Activity: Copy out every line from the records that includes "only".

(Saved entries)
Content starts

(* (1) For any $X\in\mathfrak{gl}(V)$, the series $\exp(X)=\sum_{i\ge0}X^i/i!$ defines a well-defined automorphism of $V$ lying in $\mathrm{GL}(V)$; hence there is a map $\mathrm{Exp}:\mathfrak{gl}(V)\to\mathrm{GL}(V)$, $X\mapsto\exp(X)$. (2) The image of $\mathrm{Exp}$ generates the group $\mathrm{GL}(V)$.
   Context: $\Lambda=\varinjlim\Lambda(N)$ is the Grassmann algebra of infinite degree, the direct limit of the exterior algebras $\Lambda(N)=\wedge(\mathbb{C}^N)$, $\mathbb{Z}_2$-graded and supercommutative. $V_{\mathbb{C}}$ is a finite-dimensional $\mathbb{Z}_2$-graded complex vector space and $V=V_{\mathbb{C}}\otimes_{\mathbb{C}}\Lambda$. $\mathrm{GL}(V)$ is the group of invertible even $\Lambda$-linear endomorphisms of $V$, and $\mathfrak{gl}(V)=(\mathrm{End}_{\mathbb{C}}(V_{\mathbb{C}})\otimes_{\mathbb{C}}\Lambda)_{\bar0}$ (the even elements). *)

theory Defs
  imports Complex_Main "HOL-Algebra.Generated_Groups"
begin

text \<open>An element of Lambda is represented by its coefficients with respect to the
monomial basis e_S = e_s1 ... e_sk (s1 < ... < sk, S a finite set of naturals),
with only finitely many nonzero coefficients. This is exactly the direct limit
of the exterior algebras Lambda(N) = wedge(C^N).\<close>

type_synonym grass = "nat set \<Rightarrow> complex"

Content ends
Content starts

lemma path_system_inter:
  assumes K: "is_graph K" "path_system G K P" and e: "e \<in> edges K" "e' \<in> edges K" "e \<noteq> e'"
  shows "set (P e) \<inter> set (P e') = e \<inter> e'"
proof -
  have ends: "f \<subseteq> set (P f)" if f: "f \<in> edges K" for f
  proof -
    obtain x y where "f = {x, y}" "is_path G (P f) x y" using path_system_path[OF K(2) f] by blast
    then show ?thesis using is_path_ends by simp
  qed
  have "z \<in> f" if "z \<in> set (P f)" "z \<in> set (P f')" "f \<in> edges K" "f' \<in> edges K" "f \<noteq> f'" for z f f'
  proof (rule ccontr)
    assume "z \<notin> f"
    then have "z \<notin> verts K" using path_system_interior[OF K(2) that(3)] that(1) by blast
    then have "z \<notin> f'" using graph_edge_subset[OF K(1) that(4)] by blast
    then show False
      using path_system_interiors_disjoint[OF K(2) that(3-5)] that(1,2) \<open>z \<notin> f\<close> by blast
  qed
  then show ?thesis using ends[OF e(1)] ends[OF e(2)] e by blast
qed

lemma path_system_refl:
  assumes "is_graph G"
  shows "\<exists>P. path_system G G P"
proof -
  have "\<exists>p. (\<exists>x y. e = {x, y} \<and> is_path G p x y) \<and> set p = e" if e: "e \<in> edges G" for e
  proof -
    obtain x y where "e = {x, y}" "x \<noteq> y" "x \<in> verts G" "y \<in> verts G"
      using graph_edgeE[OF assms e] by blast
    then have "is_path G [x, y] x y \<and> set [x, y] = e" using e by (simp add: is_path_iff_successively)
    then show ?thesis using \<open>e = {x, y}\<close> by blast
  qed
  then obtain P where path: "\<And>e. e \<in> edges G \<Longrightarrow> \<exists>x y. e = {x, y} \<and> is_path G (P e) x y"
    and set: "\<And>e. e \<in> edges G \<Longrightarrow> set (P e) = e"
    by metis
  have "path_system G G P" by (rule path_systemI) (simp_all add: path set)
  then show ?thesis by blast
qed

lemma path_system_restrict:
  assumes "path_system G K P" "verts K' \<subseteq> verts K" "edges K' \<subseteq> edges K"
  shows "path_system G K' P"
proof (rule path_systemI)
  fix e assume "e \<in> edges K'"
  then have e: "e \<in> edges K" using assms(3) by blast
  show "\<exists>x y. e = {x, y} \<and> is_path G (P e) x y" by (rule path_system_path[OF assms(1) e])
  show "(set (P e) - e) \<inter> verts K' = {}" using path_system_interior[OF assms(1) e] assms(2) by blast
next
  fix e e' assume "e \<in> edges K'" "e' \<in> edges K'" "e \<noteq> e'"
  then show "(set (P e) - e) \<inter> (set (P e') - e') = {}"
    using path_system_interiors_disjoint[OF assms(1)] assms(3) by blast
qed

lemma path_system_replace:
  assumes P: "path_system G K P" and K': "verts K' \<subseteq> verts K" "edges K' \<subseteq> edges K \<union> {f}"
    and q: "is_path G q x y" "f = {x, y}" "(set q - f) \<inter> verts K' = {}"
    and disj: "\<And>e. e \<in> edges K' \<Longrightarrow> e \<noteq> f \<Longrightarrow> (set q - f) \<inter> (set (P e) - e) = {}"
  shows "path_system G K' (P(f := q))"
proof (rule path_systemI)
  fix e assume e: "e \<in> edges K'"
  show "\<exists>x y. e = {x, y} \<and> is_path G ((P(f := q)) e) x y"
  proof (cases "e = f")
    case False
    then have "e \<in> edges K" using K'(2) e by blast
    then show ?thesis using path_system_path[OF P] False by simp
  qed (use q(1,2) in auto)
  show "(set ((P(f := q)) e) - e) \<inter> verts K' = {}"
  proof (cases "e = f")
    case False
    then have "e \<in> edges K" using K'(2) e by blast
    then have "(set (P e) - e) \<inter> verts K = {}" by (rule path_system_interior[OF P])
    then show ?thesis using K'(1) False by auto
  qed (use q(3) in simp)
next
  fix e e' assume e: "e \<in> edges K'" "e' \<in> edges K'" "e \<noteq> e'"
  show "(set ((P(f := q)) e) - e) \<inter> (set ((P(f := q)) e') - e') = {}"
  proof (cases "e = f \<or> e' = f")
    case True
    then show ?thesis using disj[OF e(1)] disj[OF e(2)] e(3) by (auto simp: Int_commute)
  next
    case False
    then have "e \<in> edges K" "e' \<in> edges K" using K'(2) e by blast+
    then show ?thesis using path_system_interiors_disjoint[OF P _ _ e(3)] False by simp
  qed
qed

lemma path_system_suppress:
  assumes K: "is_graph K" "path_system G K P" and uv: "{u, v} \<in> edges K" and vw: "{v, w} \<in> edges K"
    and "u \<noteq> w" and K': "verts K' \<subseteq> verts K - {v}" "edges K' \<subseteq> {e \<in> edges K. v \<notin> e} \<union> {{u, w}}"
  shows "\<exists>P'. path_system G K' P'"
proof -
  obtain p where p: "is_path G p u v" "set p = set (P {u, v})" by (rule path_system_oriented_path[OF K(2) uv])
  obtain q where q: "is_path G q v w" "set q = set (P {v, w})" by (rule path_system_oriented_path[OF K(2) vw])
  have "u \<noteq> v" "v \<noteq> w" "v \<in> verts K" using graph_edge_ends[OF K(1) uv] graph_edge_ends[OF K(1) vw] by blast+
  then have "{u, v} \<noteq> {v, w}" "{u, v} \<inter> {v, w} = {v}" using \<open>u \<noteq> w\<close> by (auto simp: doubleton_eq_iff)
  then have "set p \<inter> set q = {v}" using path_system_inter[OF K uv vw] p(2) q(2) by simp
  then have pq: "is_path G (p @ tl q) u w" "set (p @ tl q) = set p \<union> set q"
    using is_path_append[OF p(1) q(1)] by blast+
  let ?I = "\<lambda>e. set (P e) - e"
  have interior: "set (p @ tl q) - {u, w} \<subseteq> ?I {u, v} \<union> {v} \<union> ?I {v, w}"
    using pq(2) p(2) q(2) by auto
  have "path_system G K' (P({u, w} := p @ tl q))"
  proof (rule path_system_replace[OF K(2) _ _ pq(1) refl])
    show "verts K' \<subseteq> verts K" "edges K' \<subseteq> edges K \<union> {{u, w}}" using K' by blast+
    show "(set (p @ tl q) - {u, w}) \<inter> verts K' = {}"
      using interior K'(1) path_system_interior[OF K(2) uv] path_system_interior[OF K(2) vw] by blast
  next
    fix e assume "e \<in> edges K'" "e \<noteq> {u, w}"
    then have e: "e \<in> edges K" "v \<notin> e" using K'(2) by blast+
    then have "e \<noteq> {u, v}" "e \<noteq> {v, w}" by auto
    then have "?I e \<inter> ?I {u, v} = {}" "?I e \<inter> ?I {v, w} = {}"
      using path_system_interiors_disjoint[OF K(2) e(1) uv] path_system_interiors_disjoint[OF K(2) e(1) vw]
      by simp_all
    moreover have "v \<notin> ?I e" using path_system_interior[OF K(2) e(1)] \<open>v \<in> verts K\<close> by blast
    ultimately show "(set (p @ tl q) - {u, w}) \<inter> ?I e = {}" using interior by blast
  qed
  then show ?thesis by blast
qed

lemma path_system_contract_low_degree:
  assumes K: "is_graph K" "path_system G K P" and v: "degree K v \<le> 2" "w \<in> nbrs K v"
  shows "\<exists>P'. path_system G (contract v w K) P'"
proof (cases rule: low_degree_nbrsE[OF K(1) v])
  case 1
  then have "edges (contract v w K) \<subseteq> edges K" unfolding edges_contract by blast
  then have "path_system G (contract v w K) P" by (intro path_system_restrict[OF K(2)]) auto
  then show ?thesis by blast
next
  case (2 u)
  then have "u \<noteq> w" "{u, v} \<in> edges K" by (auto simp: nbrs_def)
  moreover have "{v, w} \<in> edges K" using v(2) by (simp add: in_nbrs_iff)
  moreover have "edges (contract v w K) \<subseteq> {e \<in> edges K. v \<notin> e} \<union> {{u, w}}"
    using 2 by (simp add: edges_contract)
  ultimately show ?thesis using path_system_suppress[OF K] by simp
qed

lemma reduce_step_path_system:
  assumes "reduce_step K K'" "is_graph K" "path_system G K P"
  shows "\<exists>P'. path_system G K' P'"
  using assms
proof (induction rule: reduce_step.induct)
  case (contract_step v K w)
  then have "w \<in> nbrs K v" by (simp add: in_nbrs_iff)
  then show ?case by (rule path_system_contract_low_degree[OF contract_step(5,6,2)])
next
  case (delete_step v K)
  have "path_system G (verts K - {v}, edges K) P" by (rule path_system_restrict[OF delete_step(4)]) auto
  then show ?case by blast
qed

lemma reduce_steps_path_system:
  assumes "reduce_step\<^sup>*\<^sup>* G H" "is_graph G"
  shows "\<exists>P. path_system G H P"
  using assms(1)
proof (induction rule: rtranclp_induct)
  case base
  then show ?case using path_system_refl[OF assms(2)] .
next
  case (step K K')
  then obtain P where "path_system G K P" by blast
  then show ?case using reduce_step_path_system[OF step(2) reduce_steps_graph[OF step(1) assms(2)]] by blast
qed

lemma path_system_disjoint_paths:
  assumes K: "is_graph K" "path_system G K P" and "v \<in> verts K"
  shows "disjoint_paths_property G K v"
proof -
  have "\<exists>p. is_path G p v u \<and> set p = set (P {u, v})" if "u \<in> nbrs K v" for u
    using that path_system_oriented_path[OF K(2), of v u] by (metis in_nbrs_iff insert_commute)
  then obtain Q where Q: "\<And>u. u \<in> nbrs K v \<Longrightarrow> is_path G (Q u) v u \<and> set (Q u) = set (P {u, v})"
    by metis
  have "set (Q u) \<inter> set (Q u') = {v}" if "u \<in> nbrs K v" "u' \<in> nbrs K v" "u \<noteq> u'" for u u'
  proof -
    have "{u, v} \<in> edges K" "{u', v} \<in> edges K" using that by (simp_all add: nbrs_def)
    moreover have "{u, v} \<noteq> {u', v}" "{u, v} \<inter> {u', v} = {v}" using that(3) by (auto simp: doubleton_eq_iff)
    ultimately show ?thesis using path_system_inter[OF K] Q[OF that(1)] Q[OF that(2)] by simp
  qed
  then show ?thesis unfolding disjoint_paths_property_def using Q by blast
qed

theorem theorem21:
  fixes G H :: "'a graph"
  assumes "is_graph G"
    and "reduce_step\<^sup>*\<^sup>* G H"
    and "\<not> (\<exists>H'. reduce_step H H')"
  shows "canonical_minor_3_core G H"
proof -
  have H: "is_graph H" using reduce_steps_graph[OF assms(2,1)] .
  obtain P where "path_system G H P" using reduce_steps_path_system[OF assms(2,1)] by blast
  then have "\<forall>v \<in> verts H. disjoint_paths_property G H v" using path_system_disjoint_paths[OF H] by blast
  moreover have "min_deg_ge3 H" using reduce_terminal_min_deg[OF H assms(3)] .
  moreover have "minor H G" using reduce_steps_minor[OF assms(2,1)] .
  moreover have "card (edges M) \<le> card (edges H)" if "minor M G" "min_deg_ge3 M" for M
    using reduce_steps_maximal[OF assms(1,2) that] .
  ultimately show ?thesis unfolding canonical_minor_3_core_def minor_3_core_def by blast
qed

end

Content ends
Content starts

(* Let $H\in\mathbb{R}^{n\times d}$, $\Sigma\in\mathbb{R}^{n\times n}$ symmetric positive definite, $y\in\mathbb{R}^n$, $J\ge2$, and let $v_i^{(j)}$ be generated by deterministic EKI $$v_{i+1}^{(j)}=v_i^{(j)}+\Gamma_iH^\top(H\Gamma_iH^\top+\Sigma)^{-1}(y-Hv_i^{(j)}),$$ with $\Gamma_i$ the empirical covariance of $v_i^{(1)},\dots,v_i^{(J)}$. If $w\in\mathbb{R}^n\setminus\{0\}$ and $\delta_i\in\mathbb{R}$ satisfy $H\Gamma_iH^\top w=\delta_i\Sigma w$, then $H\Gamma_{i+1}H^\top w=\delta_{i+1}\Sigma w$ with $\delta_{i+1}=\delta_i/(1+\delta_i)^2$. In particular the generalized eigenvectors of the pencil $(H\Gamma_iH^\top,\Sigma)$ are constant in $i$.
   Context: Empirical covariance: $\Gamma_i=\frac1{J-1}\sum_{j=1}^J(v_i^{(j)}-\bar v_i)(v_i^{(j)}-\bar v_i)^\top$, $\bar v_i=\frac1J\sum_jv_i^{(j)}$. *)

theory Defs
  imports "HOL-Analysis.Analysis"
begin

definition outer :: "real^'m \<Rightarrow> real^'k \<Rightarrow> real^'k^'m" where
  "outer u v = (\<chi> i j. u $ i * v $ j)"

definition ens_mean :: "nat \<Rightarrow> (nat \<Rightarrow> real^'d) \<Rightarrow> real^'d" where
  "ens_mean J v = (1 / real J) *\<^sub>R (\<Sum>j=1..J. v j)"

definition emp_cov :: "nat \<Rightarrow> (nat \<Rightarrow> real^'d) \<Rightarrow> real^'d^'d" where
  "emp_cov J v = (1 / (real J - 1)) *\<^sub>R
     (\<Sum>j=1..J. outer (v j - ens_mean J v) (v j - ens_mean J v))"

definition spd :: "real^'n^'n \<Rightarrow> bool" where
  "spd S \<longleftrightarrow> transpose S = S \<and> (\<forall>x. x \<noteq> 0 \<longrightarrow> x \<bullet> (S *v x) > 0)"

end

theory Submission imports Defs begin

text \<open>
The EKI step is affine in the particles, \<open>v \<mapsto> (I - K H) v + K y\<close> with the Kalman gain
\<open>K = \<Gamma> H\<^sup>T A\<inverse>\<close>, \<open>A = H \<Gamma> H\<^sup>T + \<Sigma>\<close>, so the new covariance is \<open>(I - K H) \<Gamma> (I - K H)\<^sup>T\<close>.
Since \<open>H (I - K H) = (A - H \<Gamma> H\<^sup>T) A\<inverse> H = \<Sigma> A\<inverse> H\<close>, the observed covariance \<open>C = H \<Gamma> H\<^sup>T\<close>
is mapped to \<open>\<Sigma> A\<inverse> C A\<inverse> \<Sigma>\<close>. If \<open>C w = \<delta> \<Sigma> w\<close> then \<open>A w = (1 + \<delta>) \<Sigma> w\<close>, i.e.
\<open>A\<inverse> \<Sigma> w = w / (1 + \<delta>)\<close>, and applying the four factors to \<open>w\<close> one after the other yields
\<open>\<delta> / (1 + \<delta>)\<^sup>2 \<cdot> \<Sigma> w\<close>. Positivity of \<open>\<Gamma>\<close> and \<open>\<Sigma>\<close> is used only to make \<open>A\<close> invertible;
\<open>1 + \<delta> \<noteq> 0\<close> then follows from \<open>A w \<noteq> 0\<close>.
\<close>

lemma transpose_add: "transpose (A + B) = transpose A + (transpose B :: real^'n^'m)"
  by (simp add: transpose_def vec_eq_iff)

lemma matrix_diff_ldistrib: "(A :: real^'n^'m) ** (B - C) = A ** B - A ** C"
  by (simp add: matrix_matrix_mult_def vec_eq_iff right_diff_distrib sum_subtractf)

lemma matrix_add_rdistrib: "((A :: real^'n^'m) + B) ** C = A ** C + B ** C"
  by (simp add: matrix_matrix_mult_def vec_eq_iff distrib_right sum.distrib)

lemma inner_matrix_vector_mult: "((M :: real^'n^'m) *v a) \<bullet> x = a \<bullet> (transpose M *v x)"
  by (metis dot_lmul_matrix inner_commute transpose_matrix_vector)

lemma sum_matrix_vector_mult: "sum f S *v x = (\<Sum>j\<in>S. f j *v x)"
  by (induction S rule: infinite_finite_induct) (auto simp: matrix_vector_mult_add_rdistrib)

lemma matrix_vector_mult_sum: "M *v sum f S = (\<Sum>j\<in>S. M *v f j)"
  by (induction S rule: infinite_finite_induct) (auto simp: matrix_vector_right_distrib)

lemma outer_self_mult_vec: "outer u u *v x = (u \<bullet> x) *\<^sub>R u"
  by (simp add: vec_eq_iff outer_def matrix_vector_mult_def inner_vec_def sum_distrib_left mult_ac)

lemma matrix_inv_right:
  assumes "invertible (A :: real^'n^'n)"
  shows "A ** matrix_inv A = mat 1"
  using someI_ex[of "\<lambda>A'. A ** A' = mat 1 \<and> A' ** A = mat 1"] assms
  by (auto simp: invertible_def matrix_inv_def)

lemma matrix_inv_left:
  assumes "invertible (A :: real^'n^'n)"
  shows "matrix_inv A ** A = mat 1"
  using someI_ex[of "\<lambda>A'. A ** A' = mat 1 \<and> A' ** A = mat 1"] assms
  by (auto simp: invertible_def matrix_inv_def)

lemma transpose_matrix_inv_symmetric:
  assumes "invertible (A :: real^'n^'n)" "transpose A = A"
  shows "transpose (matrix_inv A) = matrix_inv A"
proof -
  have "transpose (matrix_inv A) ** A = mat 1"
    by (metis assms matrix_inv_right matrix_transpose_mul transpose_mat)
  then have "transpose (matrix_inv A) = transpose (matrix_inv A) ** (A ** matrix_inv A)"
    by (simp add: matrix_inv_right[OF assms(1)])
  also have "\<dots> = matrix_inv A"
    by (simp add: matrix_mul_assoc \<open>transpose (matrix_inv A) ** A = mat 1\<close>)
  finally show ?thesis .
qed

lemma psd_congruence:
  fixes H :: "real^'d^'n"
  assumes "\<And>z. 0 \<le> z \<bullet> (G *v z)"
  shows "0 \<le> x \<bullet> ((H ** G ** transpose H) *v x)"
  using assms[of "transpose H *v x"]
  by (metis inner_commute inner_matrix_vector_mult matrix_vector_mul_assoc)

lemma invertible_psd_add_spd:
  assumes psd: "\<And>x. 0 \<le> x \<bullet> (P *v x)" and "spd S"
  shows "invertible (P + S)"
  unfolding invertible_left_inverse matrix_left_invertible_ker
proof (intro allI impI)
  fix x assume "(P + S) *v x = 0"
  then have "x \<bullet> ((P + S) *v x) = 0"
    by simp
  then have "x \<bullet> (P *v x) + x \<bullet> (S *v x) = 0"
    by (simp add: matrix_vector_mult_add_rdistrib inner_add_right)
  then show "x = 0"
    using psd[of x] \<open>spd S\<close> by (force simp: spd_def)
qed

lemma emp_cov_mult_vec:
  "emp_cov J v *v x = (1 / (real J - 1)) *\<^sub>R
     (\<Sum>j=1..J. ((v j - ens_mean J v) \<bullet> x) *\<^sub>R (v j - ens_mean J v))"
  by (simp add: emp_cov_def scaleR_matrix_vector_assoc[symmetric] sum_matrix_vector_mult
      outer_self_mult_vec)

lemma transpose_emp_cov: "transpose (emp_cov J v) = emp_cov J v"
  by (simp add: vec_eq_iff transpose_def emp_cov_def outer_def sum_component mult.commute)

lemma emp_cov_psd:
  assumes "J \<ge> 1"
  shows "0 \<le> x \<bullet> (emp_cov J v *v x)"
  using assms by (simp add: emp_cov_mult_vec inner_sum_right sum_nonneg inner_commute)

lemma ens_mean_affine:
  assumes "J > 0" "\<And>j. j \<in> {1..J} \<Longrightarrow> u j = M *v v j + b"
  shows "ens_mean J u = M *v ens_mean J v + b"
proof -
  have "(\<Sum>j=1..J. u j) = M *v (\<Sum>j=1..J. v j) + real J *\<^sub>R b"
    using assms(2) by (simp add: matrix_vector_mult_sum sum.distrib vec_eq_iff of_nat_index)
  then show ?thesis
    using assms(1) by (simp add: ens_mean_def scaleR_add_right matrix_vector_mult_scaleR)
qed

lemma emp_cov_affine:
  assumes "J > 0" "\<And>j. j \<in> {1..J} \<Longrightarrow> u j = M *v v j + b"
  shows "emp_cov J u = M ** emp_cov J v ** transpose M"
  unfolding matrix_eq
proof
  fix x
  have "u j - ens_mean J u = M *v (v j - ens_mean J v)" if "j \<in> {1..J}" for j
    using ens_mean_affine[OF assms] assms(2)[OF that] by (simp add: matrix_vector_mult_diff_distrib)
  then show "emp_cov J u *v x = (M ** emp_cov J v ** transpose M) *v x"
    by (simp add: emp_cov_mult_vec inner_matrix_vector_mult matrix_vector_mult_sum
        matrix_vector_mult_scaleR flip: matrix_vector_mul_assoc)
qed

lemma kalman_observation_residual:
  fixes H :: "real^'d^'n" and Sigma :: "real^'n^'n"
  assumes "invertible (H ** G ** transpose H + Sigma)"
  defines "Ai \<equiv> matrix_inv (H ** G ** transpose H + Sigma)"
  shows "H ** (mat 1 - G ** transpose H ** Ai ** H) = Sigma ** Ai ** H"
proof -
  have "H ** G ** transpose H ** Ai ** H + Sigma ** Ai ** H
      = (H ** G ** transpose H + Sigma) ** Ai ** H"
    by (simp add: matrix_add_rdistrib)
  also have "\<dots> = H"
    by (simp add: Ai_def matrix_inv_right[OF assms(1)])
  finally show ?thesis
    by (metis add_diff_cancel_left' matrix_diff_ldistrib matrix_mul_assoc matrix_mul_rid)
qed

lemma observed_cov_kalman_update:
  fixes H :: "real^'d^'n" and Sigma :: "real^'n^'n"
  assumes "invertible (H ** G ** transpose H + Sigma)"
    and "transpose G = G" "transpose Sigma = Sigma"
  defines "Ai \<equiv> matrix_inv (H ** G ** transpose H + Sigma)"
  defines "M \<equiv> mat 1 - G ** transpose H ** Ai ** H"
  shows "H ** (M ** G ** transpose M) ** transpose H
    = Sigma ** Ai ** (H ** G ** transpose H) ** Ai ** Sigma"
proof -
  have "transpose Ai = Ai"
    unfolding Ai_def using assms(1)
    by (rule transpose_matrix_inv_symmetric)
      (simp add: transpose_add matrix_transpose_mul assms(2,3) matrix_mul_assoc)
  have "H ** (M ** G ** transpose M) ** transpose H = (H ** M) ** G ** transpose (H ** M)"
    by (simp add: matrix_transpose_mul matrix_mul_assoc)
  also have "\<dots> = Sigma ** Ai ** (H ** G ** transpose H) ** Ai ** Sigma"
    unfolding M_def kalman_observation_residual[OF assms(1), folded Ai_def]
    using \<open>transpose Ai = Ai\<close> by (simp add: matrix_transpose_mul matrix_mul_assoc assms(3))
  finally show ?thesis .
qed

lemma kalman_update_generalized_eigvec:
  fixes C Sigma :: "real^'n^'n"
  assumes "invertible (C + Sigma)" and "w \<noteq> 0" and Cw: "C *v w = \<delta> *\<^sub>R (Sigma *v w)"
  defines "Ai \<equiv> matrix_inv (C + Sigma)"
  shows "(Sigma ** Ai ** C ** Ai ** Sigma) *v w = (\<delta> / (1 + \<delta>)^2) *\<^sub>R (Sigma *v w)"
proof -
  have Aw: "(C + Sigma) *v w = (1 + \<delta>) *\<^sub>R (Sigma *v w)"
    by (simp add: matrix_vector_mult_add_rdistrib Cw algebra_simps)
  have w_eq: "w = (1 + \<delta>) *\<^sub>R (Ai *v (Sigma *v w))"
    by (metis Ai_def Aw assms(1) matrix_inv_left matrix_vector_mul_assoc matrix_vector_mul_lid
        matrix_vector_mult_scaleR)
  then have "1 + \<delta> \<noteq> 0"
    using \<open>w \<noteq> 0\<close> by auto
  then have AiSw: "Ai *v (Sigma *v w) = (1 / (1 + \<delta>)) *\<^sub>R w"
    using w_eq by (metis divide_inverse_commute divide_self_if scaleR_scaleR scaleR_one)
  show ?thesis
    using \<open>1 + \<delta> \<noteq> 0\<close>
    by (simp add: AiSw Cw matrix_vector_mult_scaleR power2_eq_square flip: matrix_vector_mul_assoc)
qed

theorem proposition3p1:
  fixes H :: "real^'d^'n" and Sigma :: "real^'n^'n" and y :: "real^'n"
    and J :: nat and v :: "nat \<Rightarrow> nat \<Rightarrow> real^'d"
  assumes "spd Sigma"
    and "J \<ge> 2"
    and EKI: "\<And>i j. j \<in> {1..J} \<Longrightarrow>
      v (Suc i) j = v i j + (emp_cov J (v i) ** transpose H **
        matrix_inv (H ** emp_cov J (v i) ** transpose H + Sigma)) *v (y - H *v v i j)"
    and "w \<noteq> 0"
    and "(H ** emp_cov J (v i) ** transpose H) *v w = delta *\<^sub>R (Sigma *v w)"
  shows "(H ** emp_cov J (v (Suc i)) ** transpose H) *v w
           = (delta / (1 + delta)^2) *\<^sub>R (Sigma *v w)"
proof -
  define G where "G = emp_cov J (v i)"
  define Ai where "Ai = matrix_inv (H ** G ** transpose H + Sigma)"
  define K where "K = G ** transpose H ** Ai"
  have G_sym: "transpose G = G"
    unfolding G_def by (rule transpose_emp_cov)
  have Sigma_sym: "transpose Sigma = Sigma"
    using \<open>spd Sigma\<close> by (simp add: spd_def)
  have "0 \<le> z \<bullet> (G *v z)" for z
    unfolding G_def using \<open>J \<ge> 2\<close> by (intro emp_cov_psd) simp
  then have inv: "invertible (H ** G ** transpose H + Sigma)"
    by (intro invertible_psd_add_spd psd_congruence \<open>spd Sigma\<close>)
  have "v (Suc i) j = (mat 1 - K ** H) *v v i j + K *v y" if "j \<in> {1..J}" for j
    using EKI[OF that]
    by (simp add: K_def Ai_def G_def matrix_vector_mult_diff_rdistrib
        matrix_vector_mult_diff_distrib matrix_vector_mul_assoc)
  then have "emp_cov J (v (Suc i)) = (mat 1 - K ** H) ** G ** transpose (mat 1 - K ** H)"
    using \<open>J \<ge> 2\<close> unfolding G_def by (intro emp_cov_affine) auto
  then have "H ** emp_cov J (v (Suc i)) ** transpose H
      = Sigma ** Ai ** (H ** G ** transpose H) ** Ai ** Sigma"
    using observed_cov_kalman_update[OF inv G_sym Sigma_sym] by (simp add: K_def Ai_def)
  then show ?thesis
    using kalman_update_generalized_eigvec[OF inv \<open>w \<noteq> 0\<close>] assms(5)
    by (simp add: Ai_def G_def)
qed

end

Content ends

Task solution:
with only finitely many nonzero coefficients. This is exactly the direct limit
\<open>\<delta> / (1 + \<delta>)\<^sup>2 \<cdot> \<Sigma> w\<close>. Positivity of \<open>\<Gamma>\<close> and \<open>\<Sigma>\<close> is used only to make \<open>A\<close> invertible;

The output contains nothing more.